Ralf Schwarzer and Matthias Jerusalem put together the General Self-Efficacy Scale (GSE) in 1995. The idea was to capture a broad, fairly stable sense of how competent a person feels when life gets stressful. There are 10 items, each answered on a 4-point Likert scale (1 = not at all true, 2 = hardly true, 3 = moderately true, 4 = exactly true), so the total lands somewhere between 10 and 40. You get the score by adding the items up, total = sum(item_i) for i = 1..10, and a higher number means stronger perceived self-efficacy.

Its roots are in Albert Bandura's self-efficacy theory (1977, 1997), the idea that what you believe about your own ability to plan and carry out actions shapes how motivated, persistent and resilient you are. The GSE has been translated into more than 30 languages. The Brazilian Portuguese validation by Souza & Souza (2004) found good internal consistency (Cronbach's α ≈ 0.81) and a one-dimensional structure that matched the original.

Applications

You'll find it in educational research (academic motivation, learning outcomes) and in health psychology, where it tracks how people cope with chronic disease, stick to treatment or progress through rehabilitation. Workplaces use it for job performance and burnout prevention, and cognitive-behavioural therapy (CBT) leans on it to watch mastery experiences shift over time. Cross-cultural studies of resilience and well-being draw on it too.

FAQ

How are GSE results interpreted? A higher total points to higher general self-efficacy. There aren't any universal cut-offs, so people usually compare a score against normative samples, or track how it changes in the same person over time.

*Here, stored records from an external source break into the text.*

lemma hermitian_max_rayleigh_eigenvalue:
  fixes H :: "'n::finite cmat"
  assumes herm: "hermitian_mat H"
  obtains m where "m \<in> eigenvalues_real H" and "\<And>z. inner (H *v z) z \<le> m * (norm z)\<^sup>2"
proof -
  define q where "q z = inner (H *v z) z" for z
  have "continuous_on (sphere 0 1) q"
    unfolding q_def by (intro continuous_intros linear_continuous_on bounded_linear_matrix_vector_mult)
  moreover have "sphere (0::complex^'n) 1 \<noteq> {}"
    using vector_choose_size[of 1] by auto
  ultimately obtain x where x: "x \<in> sphere 0 1" and max: "\<And>y. y \<in> sphere 0 1 \<Longrightarrow> q y \<le> q x"
    using continuous_attains_sup[of "sphere 0 1" q] by auto
  have bound: "q z \<le> q x * (norm z)\<^sup>2" for z
  proof (cases "z = 0")
    case False
    have "q z = (norm z)\<^sup>2 * q ((1 / norm z) *\<^sub>R z)"
      using False by (simp add: q_def matrix_vector_mult_scaleR_right power2_eq_square)
    also have "\<dots> \<le> (norm z)\<^sup>2 * q x"
      using False by (intro mult_left_mono max) auto
    finally show ?thesis by (simp add: mult.commute)
  qed (simp add: q_def)
  define T where "T z = (H - q x *\<^sub>R mat 1) *v z" for z
  have T_eq: "T z = H *v z - q x *\<^sub>R z" for z
    by (simp add: T_def matrix_vector_mult_diff_rdistrib matrix_vector_mult_scaleR)
  have "linear T"
    unfolding T_def by (simp add: bounded_linear.linear[OF bounded_linear_matrix_vector_mult])
  moreover have "inner (T y) z = inner y (T z)" for y z
    by (simp add: T_eq inner_diff_left inner_diff_right hermitian_inner_symmetric[OF herm])
  moreover have "inner (T z) z \<le> 0" for z
    using bound[of z] by (simp add: T_eq inner_diff_left q_def power2_norm_eq_inner)
  moreover have "inner (T x) x = 0"
    using x by (simp add: T_eq inner_diff_left q_def power2_norm_eq_inner[symmetric])
  ultimately have "T x = 0" by (rule self_adjoint_nonpos_form_zero)
  then have "q x \<in> eigenvalues_real H"
    using x unfolding eigenvalues_real_iff T_eq by (intro exI[of _ x]) auto
  with bound show ?thesis by (intro that) (auto simp: q_def)
qed

lemma hermitian_min_rayleigh_eigenvalue:
  fixes H :: "'n::finite cmat"
  assumes herm: "hermitian_mat H"
  obtains m where "m \<in> eigenvalues_real H" and "\<And>z. m * (norm z)\<^sup>2 \<le> inner (H *v z) z"
proof -
  have neg: "(- H) *v z = - (H *v z)" for z
    using matrix_vector_mult_diff_rdistrib[of 0 H z] by simp
  have "hermitian_mat (- H)"
    using herm by (simp add: hermitian_mat_def mat_adj_def vec_eq_iff)
  then obtain m where m: "m \<in> eigenvalues_real (- H)" "\<And>z. inner ((- H) *v z) z \<le> m * (norm z)\<^sup>2"
    using hermitian_max_rayleigh_eigenvalue by blast
  from m(1) obtain v where "v \<noteq> 0" "H *v v = (- m) *\<^sub>R v"
    by (auto simp: eigenvalues_real_iff neg minus_equation_iff[of "H *v _"])
  then have "- m \<in> eigenvalues_real H" by (auto simp: eigenvalues_real_iff)
  moreover have "- m * (norm z)\<^sup>2 \<le> inner (H *v z) z" for z
    using m(2)[of z] by (simp add: neg)
  ultimately show ?thesis by (rule that)
qed

lemma finite_eigenvalues_real:
  fixes H :: "'n::finite cmat"
  assumes herm: "hermitian_mat H"
  shows "finite (eigenvalues_real H)"
proof -
  define E where "E = eigenvalues_real H"
  define f where "f e = (SOME v. v \<noteq> 0 \<and> H *v v = e *\<^sub>R v)" for e
  have f: "f e \<noteq> 0 \<and> H *v f e = e *\<^sub>R f e" if "e \<in> E" for e
    using that unfolding f_def E_def eigenvalues_real_iff by (rule someI_ex)
  have orth: "inner (f e) (f e') = 0" if "e \<in> E" "e' \<in> E" "e \<noteq> e'" for e e'
  proof -
    have "e * inner (f e) (f e') = inner (H *v f e) (f e')" using f[OF that(1)] by simp
    also have "\<dots> = inner (f e) (H *v f e')" by (rule hermitian_inner_symmetric[OF herm])
    also have "\<dots> = e' * inner (f e) (f e')" using f[OF that(2)] by simp
    finally show ?thesis using that(3) by simp
  qed
  have "inj_on f E"
    using orth f by (metis inj_onI inner_eq_zero_iff)
  moreover have "independent (f ` E)"
    by (rule pairwise_orthogonal_independent) (use f orth in \<open>auto simp: pairwise_def orthogonal_def\<close>)
  then have "finite (f ` E)" using independent_bound by blast
  ultimately show ?thesis unfolding E_def using finite_imageD by blast
qed

lemma hermitian_op_norm_shift_le:
  fixes H :: "'n::finite cmat"
  assumes herm: "hermitian_mat H"
  obtains c where "op_norm (H - c *\<^sub>R mat 1) \<le> omega_max H"
proof -
  obtain hi where hi: "hi \<in> eigenvalues_real H" "\<And>z. inner (H *v z) z \<le> hi * (norm z)\<^sup>2"
    using hermitian_max_rayleigh_eigenvalue[OF herm] by blast
  obtain lo where lo: "lo \<in> eigenvalues_real H" "\<And>z. lo * (norm z)\<^sup>2 \<le> inner (H *v z) z"
    using hermitian_min_rayleigh_eigenvalue[OF herm] by blast
  have between: "lo \<le> e \<and> e \<le> hi" if e: "e \<in> eigenvalues_real H" for e
  proof -
    obtain v where "v \<noteq> 0" "H *v v = e *\<^sub>R v"
      using e by (auto simp: eigenvalues_real_iff)
    then have "inner (H *v v) v = e * (norm v)\<^sup>2" and "(norm v)\<^sup>2 > 0"
      by (simp_all add: power2_norm_eq_inner)
    then show ?thesis using lo(2)[of v] hi(2)[of v] by simp
  qed
  have "Max (eigenvalues_real H) = hi" "Min (eigenvalues_real H) = lo"
    using finite_eigenvalues_real[OF herm] hi(1) lo(1) between by (auto intro: Max_eqI Min_eqI)
  then have "omega_max H = hi - lo" by (simp add: omega_max_def)
  define T where "T z = (H - lo *\<^sub>R mat 1) *v z" for z
  have T_eq: "T z = H *v z - lo *\<^sub>R z" for z
    by (simp add: T_def matrix_vector_mult_diff_rdistrib matrix_vector_mult_scaleR)
  have "norm (T z) \<le> omega_max H * norm z" for z
  proof (rule self_adjoint_norm_le)
    show "linear T"
      unfolding T_def by (simp add: bounded_linear.linear[OF bounded_linear_matrix_vector_mult])
    show "inner (T x) y = inner x (T y)" for x y
      by (simp add: T_eq inner_diff_left inner_diff_right hermitian_inner_symmetric[OF herm])
    show "\<bar>inner (T x) x\<bar> \<le> omega_max H * (norm x)\<^sup>2" for x
      using lo(2)[of x] hi(2)[of x] unfolding \<open>omega_max H = hi - lo\<close>
      by (simp add: T_eq inner_diff_left power2_norm_eq_inner algebra_simps)
  qed
  then show ?thesis by (intro that[of lo] op_norm_le) (simp add: T_def)
qed

lemma omega_max_nonneg: "hermitian_mat (H::'n::finite cmat) \<Longrightarrow> 0 \<le> omega_max H"
  by (metis hermitian_op_norm_shift_le op_norm_nonneg order_trans)

section \<open>Complex matrices as a Banach algebra\<close>

(* With the operator norm, complex matrices form a Banach algebra; there the exponential
   series and the product rule for derivatives come with the library. *)
typedef (overloaded) ('n::finite) opmat = "UNIV :: 'n cmat set"
  morphisms Rep_opmat Abs_opmat by auto

setup_lifting type_definition_opmat

instantiation opmat :: (finite) real_normed_algebra_1
begin

lift_definition zero_opmat :: "'a opmat" is 0 .
lift_definition one_opmat :: "'a opmat" is "mat 1" .
lift_definition plus_opmat :: "'a opmat \<Rightarrow> 'a opmat \<Rightarrow> 'a opmat" is "(+)" .
lift_definition minus_opmat :: "'a opmat \<Rightarrow> 'a opmat \<Rightarrow> 'a opmat" is "(-)" .
lift_definition uminus_opmat :: "'a opmat \<Rightarrow> 'a opmat" is uminus .
lift_definition times_opmat :: "'a opmat \<Rightarrow> 'a opmat \<Rightarrow> 'a opmat" is "(**)" .
lift_definition scaleR_opmat :: "real \<Rightarrow> 'a opmat \<Rightarrow> 'a opmat" is scaleR .
lift_definition norm_opmat :: "'a opmat \<Rightarrow> real" is op_norm .
definition dist_opmat :: "'a opmat \<Rightarrow> 'a opmat \<Rightarrow> real" where "dist_opmat x y = norm (x - y)"
definition sgn_opmat :: "'a opmat \<Rightarrow> 'a opmat" where "sgn_opmat x = inverse (norm x) *\<^sub>R x"
definition uniformity_opmat :: "('a opmat \<times> 'a opmat) filter" where
  "uniformity_opmat = (INF e\<in>{0<..}. principal {(x, y). dist x y < e})"
definition open_opmat :: "'a opmat set \<Rightarrow> bool" where
  "open_opmat U = (\<forall>x\<in>U. \<forall>\<^sub>F (x', y) in uniformity. x' = x \<longrightarrow> y \<in> U)"

instance
proof
  fix x y z :: "'a opmat" and r s :: real and U :: "'a opmat set"
  show "x + y + z = x + (y + z)" by transfer (rule add.assoc)
  show "x + y = y + x" by transfer (rule add.commute)
  show "0 + x = x" by transfer simp
  show "- x + x = 0" by transfer simp
  show "x - y = x + - y" by transfer simp
  show "r *\<^sub>R (x + y) = r *\<^sub>R x + r *\<^sub>R y" by transfer (rule scaleR_add_right)
  show "(r + s) *\<^sub>R x = r *\<^sub>R x + s *\<^sub>R x" by transfer (rule scaleR_add_left)
  show "r *\<^sub>R s *\<^sub>R x = (r * s) *\<^sub>R x" by transfer simp
  show "1 *\<^sub>R x = x" by transfer simp
  show "x * y * z = x * (y * z)" by transfer (simp add: matrix_mul_assoc)
  show "1 * x = x" by transfer simp
  show "x * 1 = x" by transfer simp
  show "(x + y) * z = x * z + y * z"
    by transfer (simp add: vec_eq_iff matrix_matrix_mult_def distrib_right sum.distrib)
  show "x * (y + z) = x * y + x * z" by transfer (rule matrix_add_ldistrib)
  show "(0::'a opmat) \<noteq> 1" by transfer (metis op_norm_mat_1 op_norm_eq_0_iff zero_neq_one)
  show "r *\<^sub>R x * y = r *\<^sub>R (x * y)"
    by transfer (simp add: vec_eq_iff matrix_matrix_mult_def scaleR_sum_right)
  show "x * r *\<^sub>R y = r *\<^sub>R (x * y)"
    by transfer (simp add: vec_eq_iff matrix_matrix_mult_def scaleR_sum_right)
  show "norm (1::'a opmat) = 1" by transfer (rule op_norm_mat_1)
  show "norm (x * y) \<le> norm x * norm y" by transfer (rule op_norm_matrix_mult)
  show "norm x = 0 \<longleftrightarrow> x = 0" by transfer (rule op_norm_eq_0_iff)
  show "norm (x + y) \<le> norm x + norm y" by transfer (rule op_norm_triangle)
  show "norm (r *\<^sub>R x) = \<bar>r\<bar> * norm x" by transfer (rule op_norm_scaleR)
  show "dist x y = norm (x - y)" by (simp add: dist_opmat_def)
  show "sgn x = inverse (norm x) *\<^sub>R x" by (simp add: sgn_opmat_def)
  show "uniformity = (INF e\<in>{0<..}. principal {(x, y :: 'a opmat). dist x y < e})"
    by (simp add: uniformity_opmat_def)
  show "open U = (\<forall>x\<in>U. \<forall>\<^sub>F (x', y) in uniformity. x' = x \<longrightarrow> y \<in> U)"
    by (simp add: open_opmat_def)
qed

end

lemmas Rep_opmat_simps [simp] = zero_opmat.rep_eq one_opmat.rep_eq plus_opmat.rep_eq
  minus_opmat.rep_eq uminus_opmat.rep_eq times_opmat.rep_eq scaleR_opmat.rep_eq

lemma bounded_linear_Rep_opmat: "bounded_linear (Rep_opmat :: 'n::finite opmat \<Rightarrow> 'n cmat)"
proof
  show "\<exists>K. \<forall>x::'n opmat. norm (Rep_opmat x) \<le> norm x * K"
    by (rule exI[of _ "real CARD('n) * real CARD('n)"], transfer) (metis norm_le_op_norm mult.commute)
qed simp_all

lemma bounded_linear_Abs_opmat: "bounded_linear (Abs_opmat :: 'n cmat \<Rightarrow> 'n::finite opmat)"
  unfolding linear_conv_bounded_linear[symmetric]
  by (rule linearI) (simp_all add: plus_opmat.abs_eq scaleR_opmat.abs_eq)

instance opmat :: (finite) banach
proof
  fix X :: "nat \<Rightarrow> 'a opmat"
  assume "Cauchy X"
  then have "Cauchy (\<lambda>n. Rep_opmat (X n))"
    by (rule bounded_linear.Cauchy[OF bounded_linear_Rep_opmat])
  then obtain L where "(\<lambda>n. Rep_opmat (X n)) \<longlonglongrightarrow> L"
    using Cauchy_convergent_iff convergent_def by blast
  then have "(\<lambda>n. Abs_opmat (Rep_opmat (X n))) \<longlonglongrightarrow> Abs_opmat L"
    by (rule bounded_linear.tendsto[OF bounded_linear_Abs_opmat])
  then show "convergent X" by (auto simp: Rep_opmat_inverse convergent_def)
qed

lemma Rep_opmat_power: "Rep_opmat (x ^ k) = mat_pow (Rep_opmat x) k"
  by (induction k) simp_all

lemma mat_exp_eq_Rep_opmat_exp: "mat_exp (M::'n::finite cmat) = Rep_opmat (exp (Abs_opmat M))"
proof -
  have "(\<lambda>k. Rep_opmat (Abs_opmat M ^ k /\<^sub>R fact k)) sums Rep_opmat (exp (Abs_opmat M :: 'n opmat))"
    by (rule bounded_linear.sums[OF bounded_linear_Rep_opmat exp_converges])
  then have "(\<lambda>k. (1 / fact k) *\<^sub>R mat_pow M k) sums Rep_opmat (exp (Abs_opmat M :: 'n opmat))"
    by (simp add: Rep_opmat_power Abs_opmat_inverse divide_inverse)
  then show ?thesis unfolding mat_exp_def by (rule sums_unique[symmetric])
qed

lemma Rep_opmat_prod_list:
  "Rep_opmat (prod_list (map g xs)) = foldr (\<lambda>k acc. Rep_opmat (g k) ** acc) xs (mat 1)"
  by (induction xs) simp_all

lift_definition adj :: "'n::finite opmat \<Rightarrow> 'n opmat" is mat_adj .

lemma adj_mult: "adj (x * y) = adj y * adj x"
  by transfer (simp add: mat_adj_def vec_eq_iff matrix_matrix_mult_def mult.commute)

lemma adj_adj: "adj (adj x) = x"
  by transfer (simp add: mat_adj_def vec_eq_iff)

lemma adj_one: "adj 1 = 1"
  by transfer (simp add: mat_adj_def vec_eq_iff mat_def)

lemma linear_mat_adj: "linear mat_adj"
  by (rule linearI) (simp_all add: mat_adj_def vec_eq_iff)

lemma bounded_linear_adj: "bounded_linear (adj :: 'n::finite opmat \<Rightarrow> 'n opmat)"
proof -
  have adj_eq: "adj = (\<lambda>x. Abs_opmat (mat_adj (Rep_opmat x :: 'n cmat)))"
    by (simp add: fun_eq_iff adj_def)
  have "bounded_linear (mat_adj :: 'n cmat \<Rightarrow> 'n cmat)"
    using linear_mat_adj by (simp add: linear_conv_bounded_linear)
  then show ?thesis
    unfolding adj_eq
    by (rule bounded_linear_compose[OF bounded_linear_Abs_opmat
          bounded_linear_compose[OF _ bounded_linear_Rep_opmat]])
qed

lemma adj_scaleR: "adj (r *\<^sub>R x) = r *\<^sub>R adj x"
  by (rule linear_scale[OF bounded_linear.linear[OF bounded_linear_adj]])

Can this calculator be used as a clinical diagnosis? No. The GSE is meant for research and screening. It's no substitute for a clinical evaluation by a qualified psychologist or physician.

Why a 4-point scale instead of 5 or 7? The authors went with a 4-point format on purpose. With no neutral middle option, respondents can't sit on the fence, which cuts down central-tendency bias and nudges each answer toward agreement or disagreement.